▶ YOUR OBJECTIVE
In your answer, print each of the records below exactly.

Stored data
--------------------------------------------------

(* Let $\mathcal G\subseteq\mathcal F$ be a sub-$\sigma$-algebra and let $Z\in L_p(\Omega,\mathcal F,P)$ be such that the conditional distributionally robust functional $\mathcal R_{|\mathcal G}(Z)$ belongs to $L_p(\Omega,\mathcal F,P)$. Then $$\mathcal R(Z)\le \mathcal R\big(\mathcal R_{|\mathcal G}(Z)\big).$$
   Context: Let $(\Omega,\mathcal F,P)$ be a probability space, $p\in[1,\infty)$, $1/p+1/q=1$, and $\mathcal Z=L_p(\Omega,\mathcal F,P)$. Let $\mathfrak M$ be a nonempty set of probability measures $Q$ on $(\Omega,\mathcal F)$ with $Q\ll P$ and $dQ/dP\in L_q(\Omega,\mathcal F,P)$, and define $\mathcal R(Z)=\sup_{Q\in\mathfrak M}\mathbb E_Q[Z]$ for $Z\in\mathcal Z$ (assumed finite). Relations $X\preceq Y$ between random variables mean $X\le Y$ $P$-almost surely; essential suprema/infima are taken with respect to $P$. For a probability measure $Q$ and sub-$\sigma$-algebra $\mathcal G$, $\operatorname{ess\,inf}\mathbb E_{Q|\mathcal G}[Z]$ denotes the essential infimum (w.r.t. $P$) of the set of all versions of the conditional expectation of $Z$ given $\mathcal G$ under $Q$ (i.e., all $\mathcal G$-measurable $Y$ with $\int_B Y\,dQ=\int_B Z\,dQ$ for all $B\in\mathcal G$); it equals $-\infty$ on sets $A\in\mathcal G$ with $Q(A)=0<P(A)$. The conditional distributionally robust functional $\mathcal R_{|\mathcal G}(Z)$ is the $\mathcal G$-measurable extended-real function (unique up to $P$-null sets) such that (i) $\operatorname{ess\,inf}\mathbb E_{Q|\mathcal G}[Z]\preceq \mathcal R_{|\mathcal G}(Z)$ for every $Q\in\mathfrak M$, and (ii) whenever $Y$ is $\mathcal G$-measurable with $\operatorname{ess\,inf}\mathbb E_{Q|\mathcal G}[Z]\preceq Y$ for all $Q\in\mathfrak M$, then $\mathcal R_{|\mathcal G}(Z)\preceq Y$. That is, $\mathcal R_{|\mathcal G}(Z)=\operatorname{ess\,sup}_{Q\in\mathfrak M}\mathbb E_{Q|\mathcal G}[Z]$. *)

theory Defs
  imports "HOL-Probability.Probability"
begin

definition memLp :: "'a measure \<Rightarrow> real \<Rightarrow> ('a \<Rightarrow> real) \<Rightarrow> bool" where
  "memLp M p f \<longleftrightarrow> f \<in> borel_measurable M \<and> integrable M (\<lambda>x. \<bar>f x\<bar> powr p)"

text \<open>Membership in the dual space L_q(M), 1/p + 1/q = 1 (q = \<infinity> when p = 1).\<close>
definition memLq_dual :: "'a measure \<Rightarrow> real \<Rightarrow> ('a \<Rightarrow> real) \<Rightarrow> bool" where
  "memLq_dual M p f \<longleftrightarrow> f \<in> borel_measurable M \<and>
     (if p = 1 then (\<exists>C. AE x in M. \<bar>f x\<bar> \<le> C)
      else integrable M (\<lambda>x. \<bar>f x\<bar> powr (p / (p - 1))))"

--------------------------------------------------

▶ TASK SOLUTION
(* Let $\mathcal G\subseteq\mathcal F$ be a sub-$\sigma$-algebra and let $Z\in L_p(\Omega,\mathcal F,P)$ be such that the conditional distributionally robust functional $\mathcal R_{|\mathcal G}(Z)$ belongs to $L_p(\Omega,\mathcal F,P)$. Then $$\mathcal R(Z)\le \mathcal R\big(\mathcal R_{|\mathcal G}(Z)\big).$$
   Context: Let $(\Omega,\mathcal F,P)$ be a probability space, $p\in[1,\infty)$, $1/p+1/q=1$, and $\mathcal Z=L_p(\Omega,\mathcal F,P)$. Let $\mathfrak M$ be a nonempty set of probability measures $Q$ on $(\Omega,\mathcal F)$ with $Q\ll P$ and $dQ/dP\in L_q(\Omega,\mathcal F,P)$, and define $\mathcal R(Z)=\sup_{Q\in\mathfrak M}\mathbb E_Q[Z]$ for $Z\in\mathcal Z$ (assumed finite). Relations $X\preceq Y$ between random variables mean $X\le Y$ $P$-almost surely; essential suprema/infima are taken with respect to $P$. For a probability measure $Q$ and sub-$\sigma$-algebra $\mathcal G$, $\operatorname{ess\,inf}\mathbb E_{Q|\mathcal G}[Z]$ denotes the essential infimum (w.r.t. $P$) of the set of all versions of the conditional expectation of $Z$ given $\mathcal G$ under $Q$ (i.e., all $\mathcal G$-measurable $Y$ with $\int_B Y\,dQ=\int_B Z\,dQ$ for all $B\in\mathcal G$); it equals $-\infty$ on sets $A\in\mathcal G$ with $Q(A)=0<P(A)$. The conditional distributionally robust functional $\mathcal R_{|\mathcal G}(Z)$ is the $\mathcal G$-measurable extended-real function (unique up to $P$-null sets) such that (i) $\operatorname{ess\,inf}\mathbb E_{Q|\mathcal G}[Z]\preceq \mathcal R_{|\mathcal G}(Z)$ for every $Q\in\mathfrak M$, and (ii) whenever $Y$ is $\mathcal G$-measurable with $\operatorname{ess\,inf}\mathbb E_{Q|\mathcal G}[Z]\preceq Y$ for all $Q\in\mathfrak M$, then $\mathcal R_{|\mathcal G}(Z)\preceq Y$. That is, $\mathcal R_{|\mathcal G}(Z)=\operatorname{ess\,sup}_{Q\in\mathfrak M}\mathbb E_{Q|\mathcal G}[Z]$. *)

theory Defs
  imports "HOL-Probability.Probability"
begin

definition memLp :: "'a measure \<Rightarrow> real \<Rightarrow> ('a \<Rightarrow> real) \<Rightarrow> bool" where
  "memLp M p f \<longleftrightarrow> f \<in> borel_measurable M \<and> integrable M (\<lambda>x. \<bar>f x\<bar> powr p)"

text \<open>Membership in the dual space L_q(M), 1/p + 1/q = 1 (q = \<infinity> when p = 1).\<close>
definition memLq_dual :: "'a measure \<Rightarrow> real \<Rightarrow> ('a \<Rightarrow> real) \<Rightarrow> bool" where
  "memLq_dual M p f \<longleftrightarrow> f \<in> borel_measurable M \<and>
     (if p = 1 then (\<exists>C. AE x in M. \<bar>f x\<bar> \<le> C)
      else integrable M (\<lambda>x. \<bar>f x\<bar> powr (p / (p - 1))))"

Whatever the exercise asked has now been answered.